なんだかこう言う事があると、自分が妖精になったと実感する。
『そうだ、精霊はありとあらゆる所に存在する。さっきからイラついているようだが、何を困っているのじゃ? 』
こっちの世界の新参者だし、古参に教えを乞うのは当たり前。ビビアンは早速言葉に甘える事にした。

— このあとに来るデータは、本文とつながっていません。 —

lemma append_vec_minus:
  fixes a a' b b' :: "'a :: group_add vec"
  assumes "a \<in> carrier_vec n1" "a' \<in> carrier_vec n1" "b \<in> carrier_vec n2" "b' \<in> carrier_vec n2"
  shows "(a @\<^sub>v b) - (a' @\<^sub>v b') = (a - a') @\<^sub>v (b - b')"
  using assms by (intro eq_vecI) auto

lemma zero_mat_mult_vec [simp]: "v \<in> carrier_vec nc \<Longrightarrow> 0\<^sub>m nr nc *\<^sub>v v = (0\<^sub>v nr :: real vec)"
  by (rule eq_vecI) (auto simp: scalar_prod_def)

lemma smult_one_mat_mult_vec [simp]: "v \<in> carrier_vec n \<Longrightarrow> (k \<cdot>\<^sub>m 1\<^sub>m n) *\<^sub>v v = (k :: real) \<cdot>\<^sub>v v"
  by (rule eq_vecI) (auto simp: row_smult row_one smult_scalar_prod_distrib scalar_prod_left_unit)

lemma minv_inverse:
  fixes A :: "real mat"
  assumes A: "A \<in> carrier_mat n n" and det: "det A \<noteq> 0"
  shows "A * minv A = 1\<^sub>m n" "minv A * A = 1\<^sub>m n" "minv A \<in> carrier_mat n n"
proof -
  have "mat_inverse A \<noteq> None"
  proof
    assume "mat_inverse A = None"
    then show False
      using mat_inverse(1)[OF A, of "()"] det_non_zero_imp_unit[OF A det, of "()"] by blast
  qed
  then obtain B where "mat_inverse A = Some B"
    by blast
  then show "A * minv A = 1\<^sub>m n" "minv A * A = 1\<^sub>m n" "minv A \<in> carrier_mat n n"
    using mat_inverse(2)[OF A] by (auto simp: minv_def)
qed

lemma minv_eqI:
  fixes A B :: "real mat"
  assumes A: "A \<in> carrier_mat n n" and B: "B \<in> carrier_mat n n" and AB: "A * B = 1\<^sub>m n"
  shows "minv A = B"
proof -
  have "det A \<noteq> 0"
    using det_mult[OF A B] AB by auto
  note inv = minv_inverse[OF A this]
  have "minv A = minv A * (A * B)"
    using inv(3) AB by simp
  also have "\<dots> = (minv A * A) * B"
    using A B inv(3) by (simp add: assoc_mult_mat)
  also have "\<dots> = B"
    using inv(2) B by simp
  finally show ?thesis .
qed

lemma invertible_mat_det_nonzero:
  fixes A :: "real mat"
  assumes A: "A \<in> carrier_mat n n" and "invertible_mat A"
  shows "det A \<noteq> 0"
proof -
  obtain B where AB: "A * B = 1\<^sub>m (dim_row A)" and BA: "B * A = 1\<^sub>m (dim_row B)"
    using assms(2) unfolding invertible_mat_def inverts_mat_def by blast
  have "B \<in> carrier_mat n n"
    using A AB BA by (metis carrier_matD carrier_matI index_mult_mat(2,3) index_one_mat(2,3))
  then show ?thesis
    using det_mult[OF A] AB A by force
qed

lemma hcat_carrier [simp, intro]:
  "A \<in> carrier_mat nr n1 \<Longrightarrow> B \<in> carrier_mat nr n2 \<Longrightarrow> hcat A B \<in> carrier_mat nr (n1 + n2)"
  unfolding hcat_def by (metis add.right_neutral carrier_matD(2) four_block_carrier_mat zero_carrier_mat)

lemma hcat_mult_vec:
  assumes "A \<in> carrier_mat nr n1" "B \<in> carrier_mat nr n2" "x \<in> carrier_vec n1" "y \<in> carrier_vec n2"
  shows "hcat A B *\<^sub>v (x @\<^sub>v y) = A *\<^sub>v x + B *\<^sub>v y"
  using four_block_mat_mult_vec[OF assms(1,2) zero_carrier_mat[of 0 n1] zero_carrier_mat[of 0 n2] assms(3,4)]
    assms by (auto simp: hcat_def intro!: eq_vecI)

「えっと……じゃあ、どうやったら上手く飛べるのですか?」
『普通に飛べているぞ』
「 ……… 」
本当? アレが 普通なら飛べる意味がない。
『もっとも他の妖精に比べて随分低空飛行だが』
「低空……他の妖精はどの位の高さで飛んでいるんですか?」
『そうだな……皆、空の上の方を飛んどる』
(空の上? )
ビビアンとしては、地上何メートルとか、そう言う数字を 言ってくれると思っていたが、相手は生け垣の精霊。
そんな事を期待するだけ無駄な事。
「空………かぁ……」
(見る分には良いけど……)
空を見ながら暗い気分になる。
空を飛ぶと言うん事は、上へ行くんだから降りる時は……。
高い所へ上ると勝手に膝から力が抜けて、フニャフニャになった足は手摺がないと立っていられなくなる。 一番の問題は 空につまらな掴まる物がないことだ。
『どうした? 』
「高いところが苦手なんです」
『はっ、はっ、妖精のくせに変な事を言う』
(そんなこと言われても、なりたての妖精には無理だ)
でも、そう言ってもられない。あの子を助けに行かなくちゃ。大丈夫。大丈夫。私は出来る。今飛び立とうとする私を生け垣の精が止める。
『夜は危険だから飛ばない方がいい』
その言葉にクスリと笑う。大人は、精霊も人間も変わらない。
「分かりました」
気遣ってくれて、ありがとうと会釈をする。
正直高いところは行きたくない。
でも、ここで愚図愚図していたら日が暮れてしまう。
それまでに何としてもアルフォンの家に着かなくちゃ。